Coincidentally we arrived to Cannes just four days before the Cannes International Film Festival! Stages and tents were being set up left and right.
Beautiful shopping neighborhoods and giant boats:
The best view of Cannes was from the top of the historic quarter, which predates the modern-day classy Cannes:
And of course, the views from the beach were sweet too, particularly at sundown.
We were glad to have had a hint of sunshine in Cannes, because the weather worsened as we arrived to Nice. Because Nice only had one decent option for motorhomes, one that was notoriously crowded, we left Cannes a bit early on a Sunday morning to arrive to this parking lot by 10am. There was 1 spot remaining, just for us. WOO! But unfortunately buses weren’t running that day for whatever reason (typical France) so we had to walk 30 minutes to the train station to take the train into Nice.
From the train station we walked to the museum of contemporary art (MAMAC) to see Warhol’s original Campbell Soup Can, where it was supposedly free to enter. Nope. Not free. But the Loch Ness Monster fountain out front was adorable.
From there we wandered through lovely city parks to the historic quarter of Nice, where bars, restaurants, and cafes were lively with people. The must-go to eatery? Fenocchio, the ice cream shop with dozens of unique flavors including tomato-basil (which I thought tasted like cold spaghetti sauce) and beer. Our favorite flavor was Speculoos.
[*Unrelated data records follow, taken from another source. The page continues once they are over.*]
(* For a fixed discrete memoryless MAC $p(y|x_1,x_2)$, define for $C_1,C_2\ge 0$ $$f_\ell(C_1,C_2)=\max_{p(u,x_1,x_2)}\min\left\{\begin{array}{l} C_1+C_2-I(X_1;X_2|U),\\ C_2+I(X_1;Y|X_2U),\\ C_1+I(X_2;Y|X_1U),\\ \tfrac12\big(C_1+C_2+I(X_1X_2;Y|U)-I(X_1;X_2|U)\big),\\ I(X_1X_2;Y)\end{array}\right\},$$ where the maximum is over pmfs $p(u,x_1,x_2)$ on $\mathcal U\times\mathcal X_1\times\mathcal X_2$ with $U$ taking values in a finite set with $|\mathcal{U}|\le \min\{|\mathcal{X}_1||\mathcal{X}_2|+3,|\mathcal{Y}|+4\}$, and the information quantities are evaluated for $p(u,x_1,x_2)p(y|x_1,x_2)$. Then $f_\ell$ is concave in $(C_1,C_2)$.
   Context: $f_\ell(C_1,C_2)$ is the achievable rate (lower bound on capacity) of a two-relay diamond network whose broadcast part consists of two orthogonal error-free bit-pipes of capacities $C_1,C_2$ and whose second hop is the MAC $p(y|x_1,x_2)$ with finite alphabets $\mathcal X_1,\mathcal X_2,\mathcal Y$. Logarithms are base 2. *)

theory Defs
  imports "HOL-Analysis.Analysis"
begin

text \<open>A joint pmf is given as a nonnegative function P on a finite sample space Om.
  Note log 2 0 = 0 in Isabelle, so terms with zero probability vanish.\<close>

definition marg :: "'w set \<Rightarrow> ('w \<Rightarrow> real) \<Rightarrow> ('w \<Rightarrow> 'v) \<Rightarrow> 'v \<Rightarrow> real" where
  "marg Om P g v = (\<Sum>w\<in>{w\<in>Om. g w = v}. P w)"

definition cmi :: "'w set \<Rightarrow> ('w \<Rightarrow> real) \<Rightarrow> ('w \<Rightarrow> 'a) \<Rightarrow> ('w \<Rightarrow> 'b) \<Rightarrow> ('w \<Rightarrow> 'c) \<Rightarrow> real" where
  "cmi Om P A B C =
    (\<Sum>(a,b,c)\<in>(\<lambda>w. (A w, B w, C w)) ` Om.
       marg Om P (\<lambda>w. (A w, B w, C w)) (a,b,c) *
       log 2 (marg Om P (\<lambda>w. (A w, B w, C w)) (a,b,c) * marg Om P C c /
              (marg Om P (\<lambda>w. (A w, C w)) (a,c) * marg Om P (\<lambda>w. (B w, C w)) (b,c))))"

definition mi :: "'w set \<Rightarrow> ('w \<Rightarrow> real) \<Rightarrow> ('w \<Rightarrow> 'a) \<Rightarrow> ('w \<Rightarrow> 'b) \<Rightarrow> real" where
  "mi Om P A B = cmi Om P A B (\<lambda>_. ())"

definition is_mac :: "('x1::finite \<Rightarrow> 'x2::finite \<Rightarrow> 'y::finite \<Rightarrow> real) \<Rightarrow> bool" where
  "is_mac W \<longleftrightarrow> (\<forall>x1 x2 y. W x1 x2 y \<ge> 0) \<and> (\<forall>x1 x2. (\<Sum>y\<in>UNIV. W x1 x2 y) = 1)"

definition U_bound :: "('x1::finite \<Rightarrow> 'x2::finite \<Rightarrow> 'y::finite \<Rightarrow> real) \<Rightarrow> nat" where
  "U_bound W = min (CARD('x1) * CARD('x2) + 3) (CARD('y) + 4)"

definition is_pmf_ux :: "nat \<Rightarrow> (nat \<Rightarrow> 'x1::finite \<Rightarrow> 'x2::finite \<Rightarrow> real) \<Rightarrow> bool" where
  "is_pmf_ux k p \<longleftrightarrow> (\<forall>u x1 x2. p u x1 x2 \<ge> 0) \<and> (\<forall>u x1 x2. u \<ge> k \<longrightarrow> p u x1 x2 = 0)
     \<and> (\<Sum>u<k. \<Sum>x1\<in>UNIV. \<Sum>x2\<in>UNIV. p u x1 x2) = 1"

definition Om :: "nat \<Rightarrow> (nat \<times> 'x1::finite \<times> 'x2::finite \<times> 'y::finite) set" where
  "Om k = {..<k} \<times> UNIV"

definition jointP :: "(nat \<Rightarrow> 'x1 \<Rightarrow> 'x2 \<Rightarrow> real) \<Rightarrow> ('x1 \<Rightarrow> 'x2 \<Rightarrow> 'y \<Rightarrow> real)
    \<Rightarrow> nat \<times> 'x1 \<times> 'x2 \<times> 'y \<Rightarrow> real" where
  "jointP p W = (\<lambda>(u,x1,x2,y). p u x1 x2 * W x1 x2 y)"

definition vU :: "nat \<times> 'x1 \<times> 'x2 \<times> 'y \<Rightarrow> nat" where "vU = (\<lambda>(u,x1,x2,y). u)"
definition vX1 :: "nat \<times> 'x1 \<times> 'x2 \<times> 'y \<Rightarrow> 'x1" where "vX1 = (\<lambda>(u,x1,x2,y). x1)"
definition vX2 :: "nat \<times> 'x1 \<times> 'x2 \<times> 'y \<Rightarrow> 'x2" where "vX2 = (\<lambda>(u,x1,x2,y). x2)"
definition vY :: "nat \<times> 'x1 \<times> 'x2 \<times> 'y \<Rightarrow> 'y" where "vY = (\<lambda>(u,x1,x2,y). y)"

definition f_obj :: "('x1::finite \<Rightarrow> 'x2::finite \<Rightarrow> 'y::finite \<Rightarrow> real) \<Rightarrow> nat
     \<Rightarrow> (nat \<Rightarrow> 'x1 \<Rightarrow> 'x2 \<Rightarrow> real) \<Rightarrow> real \<Rightarrow> real \<Rightarrow> real" where
  "f_obj W k p C1 C2 =
    (let S = (Om k :: (nat \<times> 'x1 \<times> 'x2 \<times> 'y) set); P = jointP p W;
         I12U = cmi S P vX1 vX2 vU;
         I1Y = cmi S P vX1 vY (\<lambda>w. (vX2 w, vU w));
         I2Y = cmi S P vX2 vY (\<lambda>w. (vX1 w, vU w));
         I12YU = cmi S P (\<lambda>w. (vX1 w, vX2 w)) vY vU;
         I12Y = mi S P (\<lambda>w. (vX1 w, vX2 w)) vY
     in Min {C1 + C2 - I12U, C2 + I1Y, C1 + I2Y, (C1 + C2 + I12YU - I12U) / 2, I12Y})"

text \<open>f_l(C1,C2): maximum (supremum, attained) over pmfs p(u,x1,x2) with
  U ranging over a finite set {..<k}, 1 \<le> k \<le> U_bound.\<close>
definition f_l :: "('x1::finite \<Rightarrow> 'x2::finite \<Rightarrow> 'y::finite \<Rightarrow> real) \<Rightarrow> real \<times> real \<Rightarrow> real" where
  "f_l W C = Sup {f_obj W k p (fst C) (snd C) | k p. 1 \<le> k \<and> k \<le> U_bound W \<and> is_pmf_ux k p}"

end

theory Submission
  imports Defs
begin

text \<open>Cut \<open>p(u,x1,x2)\<close> into its slices \<open>p(u,\<cdot>,\<cdot>)\<close>. The four informations conditioned on \<open>U\<close> are
  sums of positively homogeneous functions of the slices, and \<open>I(X1X2;Y)\<close> depends only on the
  input marginal, on which it is concave. Time sharing between two pmfs (the disjoint union of
  their \<open>U\<close>-alphabets, weighted by \<open>l\<close> and \<open>1 - l\<close>) therefore achieves at least the convex
  combination of the two objectives, because every argument of the minimum is affine in the
  capacities and these sums. The larger alphabet is then cut down in Caratheodory fashion: reweighting
  the slices so that the input marginal (or the output distribution together with \<open>H(Y|X1X2)\<close>) and
  three combinations of the slice terms are preserved, while the sum of the \<open>I(X1;X2|U)\<close>-terms does
  not grow, never lowers the objective and leaves at most \<open>min(|X1||X2| + 3, |Y| + 4)\<close> slices.\<close>

section \<open>Conditional mutual information of finite joint pmfs\<close>

lemma marg_comp:
  assumes "finite S"
  shows "marg S P (\<lambda>w. f (g w)) v = (\<Sum>t\<in>{t\<in>g ` S. f t = v}. marg S P g t)"
proof -
  have "(\<Sum>t\<in>{t\<in>g ` S. f t = v}. marg S P g t)
      = (\<Sum>t\<in>{t\<in>g ` S. f t = v}. sum P {w \<in> {w\<in>S. f (g w) = v}. g w = t})"
    unfolding marg_def by (rule sum.cong) (auto intro!: sum.cong)
  also have "\<dots> = sum P {w\<in>S. f (g w) = v}"
    by (rule sum.group) (use assms in auto)
  finally show ?thesis unfolding marg_def by simp
qed

lemma marg_pushforward:
  assumes "finite S"
  shows "marg S P (\<lambda>w. G (\<phi> w)) v = marg (\<phi> ` S) (marg S P \<phi>) G v"
  unfolding marg_comp[OF assms] by (simp add: marg_def[of "\<phi> ` S"])

lemma cmi_pushforward:
  assumes "finite S"
  shows "cmi S P (\<lambda>w. A (\<phi> w)) (\<lambda>w. B (\<phi> w)) (\<lambda>w. C (\<phi> w))
       = cmi (\<phi> ` S) (marg S P \<phi>) A B C"
proof -
  have "(\<lambda>w. (A (\<phi> w), B (\<phi> w), C (\<phi> w))) ` S = (\<lambda>r. (A r, B r, C r)) ` (\<phi> ` S)"
    by (simp add: image_image)
  then show ?thesis
    unfolding cmi_def
    using marg_pushforward[OF assms, of P "\<lambda>r. (A r, B r, C r)" \<phi>]
      marg_pushforward[OF assms, of P "\<lambda>r. (A r, C r)" \<phi>]
      marg_pushforward[OF assms, of P "\<lambda>r. (B r, C r)" \<phi>]
      marg_pushforward[OF assms, of P C \<phi>]
    by simp
qed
The must-do in Nice: a stroll along the Promenade des Anglais. Unfortunately the weather prevented us from venturing too far along the curved beachfront. Despite the gray skies, the water still shimmered blue as ever.
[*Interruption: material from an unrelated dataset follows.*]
(* Let $(\mathcal M,g)$ be an $n$-dimensional Lorentzian manifold ($n\ge3$) with a concircularly semi-symmetric metric connection $\overset{1}{\nabla}$ whose associated vector field $P$ satisfies $g(P,P)=-1$. Then $(\mathcal M,g,\overset{1}{\nabla})$ is an Einstein type manifold of the fourth kind (i.e. $\overset{4}{Ric}=\frac{\overset{4}{r}}{n}g$) if and only if it is a perfect fluid space-time whose Ricci tensor is $\overset{g}{Ric}=(n-1)(2g+\pi\otimes\pi)$; in that case the scalar curvature is constant, $\overset{g}{r}=(n-1)(2n-1)$.
   Context: Let $(\mathcal M,g)$ be an $n$-dimensional pseudo-Riemannian manifold with Levi-Civita connection $\overset{g}{\nabla}$, let $P$ be a vector field and $\pi=g(\cdot,P)$ its associated 1-form. The semi-symmetric metric connection generated by $\pi$ is $\overset{1}{\nabla}_XY=\overset{g}{\nabla}_XY+\pi(Y)X-g(X,Y)P$; it satisfies $\overset{1}{\nabla}g=0$ and has torsion $\overset{1}{T}(X,Y)=\pi(Y)X-\pi(X)Y$. It is called a concircularly semi-symmetric metric connection if there is a smooth function $\omega$ on $\mathcal M$ such that $(\overset{g}{\nabla}_X\pi)(Y)-\pi(X)\pi(Y)=\omega\, g(X,Y)$ for all vector fields $X,Y$. Curvature tensors: $\overset{1}{R}(X,Y)Z=\overset{1}{\nabla}_X\overset{1}{\nabla}_YZ-\overset{1}{\nabla}_Y\overset{1}{\nabla}_XZ-\overset{1}{\nabla}_{[X,Y]}Z$ and $\overset{4}{R}(X,Y)Z=\overset{1}{R}(X,Y)Z+(\overset{1}{\nabla}_Y\overset{1}{T})(X,Z)-\overset{1}{T}(\overset{1}{T}(X,Y),Z)$. The Ricci tensors are $\overset{\theta}{Ric}(Y,Z)=\mathrm{tr}(X\mapsto \overset{\theta}{R}(X,Y)Z)$, and $\overset{g}{Ric}$ is the Ricci tensor of $\overset{g}{\nabla}$ defined the same way; $\overset{\theta}{r}$ and $\overset{g}{r}$ are their $g$-traces. A Lorentzian manifold is a perfect fluid space-time if $\overset{g}{Ric}=ag+b\,\pi\otimes\pi$ for scalar functions $a,b$. *)

theory Defs
  imports "HOL-Analysis.Analysis"
begin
Because the weather for the remaining week looked grim and the buses weren’t running, we decided to leave Nice for Italy. As I mentioned earlier, the French Riviera’s most beautiful views were not from the cities, but from the coastal highway. After navigating the windy roads and hairpin turns, we were rewarded with these views between Nice and Monaco:
Budget-minded travelers can’t spend too much time in Nice. Not only would we need to be willing to break the bank, we would need to have a different mindset of wanting to be seen. I’m not a glamorous girl, nor do I like to spend money on things I don’t find a great value, but I loved Nice for its beauty and diversity and I’d love to return during finer weather. I’m sure the French Riviera would be even more beautiful.